## WHAT TO DO:
Some lines in the entries contain the word "also". Copy all of them.

## STORED DATA:
lemma cometric_abc_sum:
  assumes "1 \<le> h" "h < d"
  shows "cstar q h + astar q h + bstar q h = mtrace X (E 1)"
proof -
  have "(\<Sum>j\<le>d. q 1 j h) = (\<Sum>j\<in>{h - 1, h, h + 1}. q 1 j h)"
    using assms by (intro sum.mono_neutral_right ballI cometric_krein_tridiagonal) auto
  also have "\<dots> = cstar q h + astar q h + bstar q h"
    using assms by (cases h) (simp_all add: cstar_def astar_def bstar_def)
  finally show ?thesis using krein_column_sum assms by simp
qed

lemma cometric_ca_sum_last:
  assumes "1 \<le> d"
  shows "cstar q d + astar q d = mtrace X (E 1)"
proof -
  have "(\<Sum>j\<le>d. q 1 j d) = (\<Sum>j\<in>{d - 1, d}. q 1 j d)"
    using assms by (intro sum.mono_neutral_right ballI cometric_krein_tridiagonal) auto
  also have "\<dots> = cstar q d + astar q d"
    using assms by (simp add: cstar_def astar_def)
  finally show ?thesis using krein_column_sum assms by simp
qed

end

lemma mtrace_first_idempotent:
  assumes "1 \<le> d"
  shows "mtrace X (E 1) * cstar q 1 = bstar q 0"
  using krein_mtrace_swap[of 1 0 1] assms mtrace_idempotent_zero
  by (simp add: cstar_def bstar_def mult.commute)

end

end

lemma cometric_cstar_nonzero:
  assumes "cometric d q" "1 \<le> h" "h \<le> d"
  shows "cstar q h \<noteq> 0"
  using assms unfolding cometric_def cstar_def by auto

lemma vstar_seven_factor:
  fixes a b c :: "nat \<Rightarrow> real" and m c2 c3 c5 :: real
  assumes "a 1 = 0" "a 2 = m - 1 - c2" "a 3 = 0" "a 4 = c5 - c2" "a 5 = m - 1 - c5" "a 6 = 0"
    "b 0 = m" "b 1 = m - 1" "b 2 = 1" "b 3 = m - c3" "b 4 = m - 1 + c2 - c5" "b 5 = 1"
    "c 2 = c2" "c 3 = c3" "c 4 = 1" "c 5 = c5" "c 6 = m" "c 7 = 1"
    "c2 \<noteq> 0" "c3 \<noteq> 0" "c5 \<noteq> 0" "m \<noteq> 0"
  shows "smult (m * c2 * c3 * c5) (vstar a b c 7) =
    [:m * a 2 - a 5 * c3, - (m + c2 * (m - 1)), - a 2, 1:] * [:- m, c2, 1:] * [:- m, 1:] * [:1, 1:]"
  using assms by (simp add: numeral_eq_Suc) (simp_all add: field_simps eval_nat_numeral)

theorem lemma4p1:
  fixes X :: "'a set" and R :: "'a \<Rightarrow> 'a \<Rightarrow> nat"
    and E :: "nat \<Rightarrow> 'a \<Rightarrow> 'a \<Rightarrow> real" and q :: "nat \<Rightarrow> nat \<Rightarrow> nat \<Rightarrow> real"
    and m c2 b3 b4 c5 :: real
  assumes scheme: "sym_assoc_scheme X 6 R"
    and imprim: "imprimitive X 6 R"
    and idem: "primitive_idempotents X 6 R E"
    and krein: "krein_params X 6 E q"
    and comet: "cometric 6 q"
    and mult: "m = real (mrank X (E 1))"
    and m_gt: "m > 2"
    and b_arr: "bstar q 0 = m" "bstar q 1 = m - 1" "bstar q 2 = 1"
               "bstar q 3 = b3" "bstar q 4 = b4" "bstar q 5 = 1"
    and c_arr: "cstar q 1 = 1" "cstar q 2 = c2" "cstar q 3 = m - b3"
               "cstar q 4 = 1" "cstar q 5 = c5" "cstar q 6 = m"
    and a_rel: "astar q 2 = astar q 4 + astar q 5"
  shows "smult (m * c2 * cstar q 3 * c5) (vstar (astar q) (bstar q) ((cstar q)(7 := 1)) 7) =
    [:m * astar q 2 - astar q 5 * cstar q 3, - (m + c2 * (m - 1)), - astar q 2, 1:]
    * [:- m, c2, 1:] * [:- m, 1:] * [:1, 1:]"
proof -
  text \<open>Neither imprimitivity nor the rank description of \<open>m\<close> is needed: \<open>tr E\<^sub>1 = b\<^sub>0\<^sup>* = m\<close>.\<close>
  have tr: "mtrace X (E 1) = m"
    using mtrace_first_idempotent[OF scheme idem krein] b_arr(1) c_arr(1) by simp
  have abc: "cstar q h + astar q h + bstar q h = m" if "h \<in> {1..5}" for h
    using cometric_abc_sum[OF scheme idem krein comet, of h] that tr by simp
  have a6: "cstar q 6 + astar q 6 = m"
    using cometric_ca_sum_last[OF scheme idem krein comet] tr by simp
  have nz: "cstar q h \<noteq> 0" if "h \<in> {2, 3, 5}" for h
    using cometric_cstar_nonzero[OF comet, of h] that by auto
  show ?thesis
    by (rule vstar_seven_factor)
      (use abc[of 1] abc[of 2] abc[of 3] abc[of 4] abc[of 5] a6 nz[of 2] nz[of 3] nz[of 5]
           a_rel b_arr c_arr m_gt in auto)
qed

end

## SOLUTION:
  also have "\<dots> = cstar q h + astar q h + bstar q h"
  also have "\<dots> = cstar q d + astar q d"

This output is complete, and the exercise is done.